In the Middle East, Whitworth cited Iran as the prime source of regional instability. “Its continued sponsorship and provocation of malign activities and influence posts direct and indirect challenges to U.S. interests and to those of our allies and partners,” he said. He also touched upon the challenge of North Korea, whose tightly controlled nature can make it difficult to penetrate, from an intelligence perspective. Despite this difficulty, NGA analysis was able to provide assessments of the regime’s WMD program, missile capabilities, and efforts to expand nuclear weapons capabilities.
In addition to matters of global security, Whitworth spoke of the humanitarian role of the NGA. “It’s a unique privilege to work in an organization that can shift to causes that save civilian lives and preserve our planet,” he said. “At home, when requested by lead federal agencies like FEMA, we provide support to disasters like we did for hurricanes in Fort Myers, Florida. Our deployed analysts processed more than 100 square miles of commercial imagery there, and 800 gigabytes of small UAS data comprising nearly 80,000 images. They printed more than 1000 maps and developed route analysis. They also highlighted gaps in searches to assist FEMA supervisors quickly and to direct resources where they were needed. We made the same impact internationally, standing up portals within 24 hours of devastating earthquakes, providing access to unclassified charts, maps, and imagery products needed to support disaster relief efforts.”
In January of this year, NGA also took on leadership of project Maven, in which the worlds of AI and GEOINT data meet.

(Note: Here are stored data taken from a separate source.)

(* Suppose $\eta_j^2L^2B_j<b_j^2$. For the biased batched SVRG (Algorithm 3), $$\Big(b_j-\frac{(1-\lambda)^2\eta_j^2L^2B_j}{b_j}\Big)\mathbb{E}\|\tilde x_j-\tilde x_{j-1}\|^2+2\eta_jB_j\,\mathbb{E}\langle e_j,\tilde x_j-\tilde x_{j-1}\rangle\le-2(1-\lambda)\eta_jB_j\,\mathbb{E}\langle\nabla f(\tilde x_j),\tilde x_j-\tilde x_{j-1}\rangle+2(1-\lambda)^2\eta_j^2B_j\,\mathbb{E}\|\nabla f(\tilde x_j)\|^2+2\eta_j^2B_j\,\mathbb{E}\|e_j\|^2.$$
   Context: Setting: $f(x)=\frac1n\sum_{i=1}^n f_i(x)$ with each $f_i:\mathbb{R}^d\to\mathbb{R}$ differentiable and $L$-smooth: $\|\nabla f_i(x)-\nabla f_i(y)\|\le L\|x-y\|$. For $\mathcal I\subset\{1,\dots,n\}$, $\nabla f_{\mathcal I}(x)=\frac1{|\mathcal I|}\sum_{i\in\mathcal I}\nabla f_i(x)$. $N\sim\mathrm{Geom}(\gamma')$ means $P(N=k)=(1-\gamma')\gamma'^k$, $k\ge0$. Epoch $j$ of the batched SVRG scheme: $\mathcal I_j$ uniformly random of size $B_j$, $g_j=\nabla f_{\mathcal I_j}(\tilde x_{j-1})$, $x^{(j)}_0=\tilde x_{j-1}$; $N_j\sim\mathrm{Geom}(B_j/(B_j+b_j))$ drawn independently (mean $B_j/b_j$); for $k=0,\dots,N_j-1$, $\tilde{\mathcal I}_k$ uniformly random of size $b_j$ and $x^{(j)}_{k+1}=x^{(j)}_k-\eta_jv^{(j)}_k$; $\tilde x_j=x^{(j)}_{N_j}$. Algorithm 3 (biased, $0<\lambda<1$): $v^{(j)}_k=(1-\lambda)(\nabla f_{\tilde{\mathcal I}_k}(x^{(j)}_k)-\nabla f_{\tilde{\mathcal I}_k}(x^{(j)}_0))+\lambda g_j$, and $e_j=\lambda\nabla f_{\mathcal I_j}(\tilde x_{j-1})-(1-\lambda)\nabla f(\tilde x_{j-1})$. $\mathbb{E}$ is expectation over all randomness. *)

theory Defs
  imports "HOL-Analysis.Analysis" "HOL-Probability.Probability"
begin

definition batches :: "nat \<Rightarrow> nat \<Rightarrow> nat set set" where
  "batches n k = {I. I \<subseteq> {..<n} \<and> card I = k}"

The admiral praised its success in data collection. “Maven has become a program of record, and has made some of its most significant technological strides and has already contributed to some of our nation’s most important operations.”
Whitworth also praised the agency’s leadership in collection orchestration, which he described as the “art of tasking pieces of the collection puzzle to become aligned with national priorities, operational and analytical needs, and real-world deadlines.” In the past year, analysts have captured “about 5 million structured observations generated more than 20,000 automatically generated reports from data to text to inform our readership, employed more than 100 adversary activity models to assist in knowledge capture and automation, and ingested approximately 1.5 million computer vision detections per day.”
The admiral’s keynote ended with gratitude for the city of St. Louis and its ongoing 80-year relationship with NGA, beginning in the second world war, in which professionals in the city provided more than 14 million aeronautical map charts. This robust relationship continues, as a new NGA facility in the city, the Moonshot Lab, is being developed.
In his conclusion, Whitworth took a look forward, saying, “Our future requires us to be bold, and ambitious, and always, always, out front. Together, we can meet and exceed the challenges that lie ahead. Our nation relies on us to do no less.”